WHAT IS REQUIRED:
Your answer must hold only the lines below from the line containing "by (simp add: wf_strict_def)" through the line containing "Tau, t) \<in>", each reproduced exactly.

Collected data:
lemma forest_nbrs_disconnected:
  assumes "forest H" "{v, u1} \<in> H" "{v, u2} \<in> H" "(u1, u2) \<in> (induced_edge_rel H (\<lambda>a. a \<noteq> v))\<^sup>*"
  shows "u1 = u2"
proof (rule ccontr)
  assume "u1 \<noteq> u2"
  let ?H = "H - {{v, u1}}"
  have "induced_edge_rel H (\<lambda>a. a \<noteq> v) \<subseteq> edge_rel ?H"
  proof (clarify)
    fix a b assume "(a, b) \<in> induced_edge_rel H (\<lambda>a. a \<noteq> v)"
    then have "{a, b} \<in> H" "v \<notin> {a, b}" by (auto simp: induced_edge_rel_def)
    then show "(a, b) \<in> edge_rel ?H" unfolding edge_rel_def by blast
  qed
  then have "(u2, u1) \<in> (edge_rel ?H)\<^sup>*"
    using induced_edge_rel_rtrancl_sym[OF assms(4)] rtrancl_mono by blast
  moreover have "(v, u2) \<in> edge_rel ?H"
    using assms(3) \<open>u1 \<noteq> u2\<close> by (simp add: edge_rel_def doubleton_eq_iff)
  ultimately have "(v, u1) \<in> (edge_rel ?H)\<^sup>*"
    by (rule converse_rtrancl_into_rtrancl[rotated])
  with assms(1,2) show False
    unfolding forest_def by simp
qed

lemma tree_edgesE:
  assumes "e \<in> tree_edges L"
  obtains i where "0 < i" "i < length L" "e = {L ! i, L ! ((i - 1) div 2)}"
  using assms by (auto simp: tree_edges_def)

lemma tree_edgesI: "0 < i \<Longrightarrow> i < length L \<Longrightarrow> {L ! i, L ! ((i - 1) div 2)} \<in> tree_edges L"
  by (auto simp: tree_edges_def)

==

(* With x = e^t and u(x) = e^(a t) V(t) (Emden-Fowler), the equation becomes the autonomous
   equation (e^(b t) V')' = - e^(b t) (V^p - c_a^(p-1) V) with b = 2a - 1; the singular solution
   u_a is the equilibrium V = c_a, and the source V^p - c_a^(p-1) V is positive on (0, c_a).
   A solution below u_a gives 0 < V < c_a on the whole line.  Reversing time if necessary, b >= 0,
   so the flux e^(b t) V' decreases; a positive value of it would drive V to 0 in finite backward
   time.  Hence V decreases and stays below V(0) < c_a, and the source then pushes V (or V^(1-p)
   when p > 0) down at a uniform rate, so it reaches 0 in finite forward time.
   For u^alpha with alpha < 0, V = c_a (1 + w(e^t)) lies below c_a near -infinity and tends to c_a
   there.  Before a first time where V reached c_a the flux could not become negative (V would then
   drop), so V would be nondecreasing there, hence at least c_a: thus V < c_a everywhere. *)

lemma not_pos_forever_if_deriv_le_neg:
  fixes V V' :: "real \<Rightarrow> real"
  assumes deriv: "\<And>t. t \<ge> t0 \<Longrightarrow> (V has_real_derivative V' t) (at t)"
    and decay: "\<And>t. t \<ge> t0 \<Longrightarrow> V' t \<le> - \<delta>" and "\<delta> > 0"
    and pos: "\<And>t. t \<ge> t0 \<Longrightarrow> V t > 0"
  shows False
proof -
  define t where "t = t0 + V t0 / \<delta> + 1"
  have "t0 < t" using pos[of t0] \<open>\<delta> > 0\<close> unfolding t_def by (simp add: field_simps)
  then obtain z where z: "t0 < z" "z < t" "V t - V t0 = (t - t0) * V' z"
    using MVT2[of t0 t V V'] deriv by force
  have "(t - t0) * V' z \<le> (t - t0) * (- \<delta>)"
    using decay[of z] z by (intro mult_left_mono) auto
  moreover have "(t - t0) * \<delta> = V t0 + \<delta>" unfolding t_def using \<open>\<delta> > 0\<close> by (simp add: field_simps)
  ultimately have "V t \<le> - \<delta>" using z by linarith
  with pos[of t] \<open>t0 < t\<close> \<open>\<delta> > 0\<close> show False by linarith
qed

--

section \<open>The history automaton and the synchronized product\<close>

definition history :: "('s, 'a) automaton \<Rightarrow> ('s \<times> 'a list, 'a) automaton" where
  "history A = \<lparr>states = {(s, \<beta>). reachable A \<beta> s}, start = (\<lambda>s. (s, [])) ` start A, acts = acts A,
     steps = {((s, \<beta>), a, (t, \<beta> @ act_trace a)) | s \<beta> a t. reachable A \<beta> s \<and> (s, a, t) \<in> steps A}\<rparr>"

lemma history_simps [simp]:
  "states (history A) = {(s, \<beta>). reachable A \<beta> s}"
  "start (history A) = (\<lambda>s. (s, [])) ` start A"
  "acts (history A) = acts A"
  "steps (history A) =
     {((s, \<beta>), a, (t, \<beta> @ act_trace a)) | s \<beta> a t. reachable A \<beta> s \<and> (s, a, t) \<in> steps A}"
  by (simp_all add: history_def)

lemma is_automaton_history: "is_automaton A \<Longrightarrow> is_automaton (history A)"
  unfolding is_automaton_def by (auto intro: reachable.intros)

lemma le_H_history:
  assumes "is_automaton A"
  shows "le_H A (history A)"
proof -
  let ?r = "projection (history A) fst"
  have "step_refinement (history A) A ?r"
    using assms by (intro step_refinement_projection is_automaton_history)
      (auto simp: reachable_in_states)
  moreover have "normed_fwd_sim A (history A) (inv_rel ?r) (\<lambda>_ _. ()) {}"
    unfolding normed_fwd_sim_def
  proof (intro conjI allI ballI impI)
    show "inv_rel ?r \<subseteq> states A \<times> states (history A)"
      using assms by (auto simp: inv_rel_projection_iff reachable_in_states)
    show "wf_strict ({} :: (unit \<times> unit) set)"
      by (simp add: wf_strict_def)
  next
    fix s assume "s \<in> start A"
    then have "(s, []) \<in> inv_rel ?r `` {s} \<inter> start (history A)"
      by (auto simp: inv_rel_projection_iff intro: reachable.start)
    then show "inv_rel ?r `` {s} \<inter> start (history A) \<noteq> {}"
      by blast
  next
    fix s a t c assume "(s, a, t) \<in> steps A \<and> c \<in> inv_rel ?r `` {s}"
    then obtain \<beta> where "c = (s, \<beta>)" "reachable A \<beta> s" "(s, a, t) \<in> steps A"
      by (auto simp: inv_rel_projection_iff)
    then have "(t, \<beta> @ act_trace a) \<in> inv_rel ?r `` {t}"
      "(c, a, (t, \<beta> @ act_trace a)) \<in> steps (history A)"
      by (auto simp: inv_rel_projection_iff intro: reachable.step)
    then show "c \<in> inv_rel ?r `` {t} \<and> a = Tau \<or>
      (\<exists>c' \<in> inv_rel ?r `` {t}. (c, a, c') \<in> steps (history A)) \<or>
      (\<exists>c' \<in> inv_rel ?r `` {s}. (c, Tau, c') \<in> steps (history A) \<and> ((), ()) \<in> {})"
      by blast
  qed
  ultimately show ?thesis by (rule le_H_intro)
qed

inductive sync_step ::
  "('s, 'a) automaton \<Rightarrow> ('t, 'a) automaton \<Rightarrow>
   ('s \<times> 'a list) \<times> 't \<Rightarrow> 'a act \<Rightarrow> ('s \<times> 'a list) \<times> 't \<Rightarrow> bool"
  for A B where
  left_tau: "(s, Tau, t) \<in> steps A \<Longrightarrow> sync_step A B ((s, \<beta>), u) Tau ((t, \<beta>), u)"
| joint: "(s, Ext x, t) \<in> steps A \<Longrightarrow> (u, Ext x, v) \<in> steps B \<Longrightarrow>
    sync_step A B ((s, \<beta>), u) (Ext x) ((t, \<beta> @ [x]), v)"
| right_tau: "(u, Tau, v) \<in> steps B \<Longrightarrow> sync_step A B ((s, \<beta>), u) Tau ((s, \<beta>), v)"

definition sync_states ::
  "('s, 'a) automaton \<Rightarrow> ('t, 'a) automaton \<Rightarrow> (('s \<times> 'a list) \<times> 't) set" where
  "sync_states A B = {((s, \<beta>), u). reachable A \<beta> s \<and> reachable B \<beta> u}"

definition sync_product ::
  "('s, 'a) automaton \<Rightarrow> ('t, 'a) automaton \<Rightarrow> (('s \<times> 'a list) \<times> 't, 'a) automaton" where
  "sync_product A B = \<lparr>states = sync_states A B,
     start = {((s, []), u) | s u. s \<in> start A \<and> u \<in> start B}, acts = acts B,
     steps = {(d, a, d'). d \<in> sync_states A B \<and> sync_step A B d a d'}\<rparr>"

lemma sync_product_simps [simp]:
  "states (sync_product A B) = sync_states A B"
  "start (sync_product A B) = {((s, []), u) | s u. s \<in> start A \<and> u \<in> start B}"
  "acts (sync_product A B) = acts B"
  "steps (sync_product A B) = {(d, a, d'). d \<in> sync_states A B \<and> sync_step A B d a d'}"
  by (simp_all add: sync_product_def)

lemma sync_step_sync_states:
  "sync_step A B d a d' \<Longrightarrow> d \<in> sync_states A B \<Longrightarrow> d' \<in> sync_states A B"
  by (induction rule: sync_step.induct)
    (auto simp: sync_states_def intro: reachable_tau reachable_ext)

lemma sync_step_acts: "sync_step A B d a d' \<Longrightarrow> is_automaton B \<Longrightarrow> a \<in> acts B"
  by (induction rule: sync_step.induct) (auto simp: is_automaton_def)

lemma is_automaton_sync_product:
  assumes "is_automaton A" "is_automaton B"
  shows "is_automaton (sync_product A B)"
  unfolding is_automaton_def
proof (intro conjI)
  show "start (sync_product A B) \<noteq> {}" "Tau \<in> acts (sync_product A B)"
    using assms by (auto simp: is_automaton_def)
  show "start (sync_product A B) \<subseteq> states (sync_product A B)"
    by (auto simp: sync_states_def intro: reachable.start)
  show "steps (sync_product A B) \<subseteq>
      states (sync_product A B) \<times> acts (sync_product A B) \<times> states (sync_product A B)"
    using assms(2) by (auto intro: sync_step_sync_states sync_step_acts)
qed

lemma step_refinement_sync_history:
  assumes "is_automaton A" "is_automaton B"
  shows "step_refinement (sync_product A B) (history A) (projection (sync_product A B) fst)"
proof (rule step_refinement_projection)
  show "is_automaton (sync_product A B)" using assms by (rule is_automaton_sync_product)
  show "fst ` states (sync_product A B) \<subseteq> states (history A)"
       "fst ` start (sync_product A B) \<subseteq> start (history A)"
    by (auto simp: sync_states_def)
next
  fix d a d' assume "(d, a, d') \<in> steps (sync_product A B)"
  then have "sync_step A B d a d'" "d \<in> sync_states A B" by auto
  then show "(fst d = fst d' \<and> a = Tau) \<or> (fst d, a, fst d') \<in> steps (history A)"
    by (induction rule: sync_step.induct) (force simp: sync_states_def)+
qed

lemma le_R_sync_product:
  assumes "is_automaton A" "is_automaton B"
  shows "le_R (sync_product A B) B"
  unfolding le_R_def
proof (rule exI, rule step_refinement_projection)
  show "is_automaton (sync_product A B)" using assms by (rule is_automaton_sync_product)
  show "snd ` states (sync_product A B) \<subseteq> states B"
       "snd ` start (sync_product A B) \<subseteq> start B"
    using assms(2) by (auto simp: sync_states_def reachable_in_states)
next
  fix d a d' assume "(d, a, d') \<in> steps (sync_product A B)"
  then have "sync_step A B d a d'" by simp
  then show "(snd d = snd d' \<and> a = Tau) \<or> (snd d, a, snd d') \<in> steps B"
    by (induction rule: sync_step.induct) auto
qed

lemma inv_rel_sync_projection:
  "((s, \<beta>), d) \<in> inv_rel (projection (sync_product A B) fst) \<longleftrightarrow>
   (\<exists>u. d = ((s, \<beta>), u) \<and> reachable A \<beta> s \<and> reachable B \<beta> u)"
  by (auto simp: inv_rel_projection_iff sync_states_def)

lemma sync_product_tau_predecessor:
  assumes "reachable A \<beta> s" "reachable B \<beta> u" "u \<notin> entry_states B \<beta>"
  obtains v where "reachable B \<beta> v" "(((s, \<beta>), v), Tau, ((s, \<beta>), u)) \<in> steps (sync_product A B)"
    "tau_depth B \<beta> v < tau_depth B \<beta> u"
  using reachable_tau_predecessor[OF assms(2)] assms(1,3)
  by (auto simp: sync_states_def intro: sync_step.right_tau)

SOLVED PROBLEM:
      by (simp add: wf_strict_def)
  next
    fix s assume "s \<in> start A"
    then have "(s, []) \<in> inv_rel ?r `` {s} \<inter> start (history A)"
      by (auto simp: inv_rel_projection_iff intro: reachable.start)
    then show "inv_rel ?r `` {s} \<inter> start (history A) \<noteq> {}"
      by blast
  next
    fix s a t c assume "(s, a, t) \<in> steps A \<and> c \<in> inv_rel ?r `` {s}"
    then obtain \<beta> where "c = (s, \<beta>)" "reachable A \<beta> s" "(s, a, t) \<in> steps A"
      by (auto simp: inv_rel_projection_iff)
    then have "(t, \<beta> @ act_trace a) \<in> inv_rel ?r `` {t}"
      "(c, a, (t, \<beta> @ act_trace a)) \<in> steps (history A)"
      by (auto simp: inv_rel_projection_iff intro: reachable.step)
    then show "c \<in> inv_rel ?r `` {t} \<and> a = Tau \<or>
      (\<exists>c' \<in> inv_rel ?r `` {t}. (c, a, c') \<in> steps (history A)) \<or>
      (\<exists>c' \<in> inv_rel ?r `` {s}. (c, Tau, c') \<in> steps (history A) \<and> ((), ()) \<in> {})"
      by blast
  qed
  ultimately show ?thesis by (rule le_H_intro)
qed

inductive sync_step ::
  "('s, 'a) automaton \<Rightarrow> ('t, 'a) automaton \<Rightarrow>
   ('s \<times> 'a list) \<times> 't \<Rightarrow> 'a act \<Rightarrow> ('s \<times> 'a list) \<times> 't \<Rightarrow> bool"
  for A B where
  left_tau: "(s, Tau, t) \<in> steps A \<Longrightarrow> sync_step A B ((s, \<beta>), u) Tau ((t, \<beta>), u)"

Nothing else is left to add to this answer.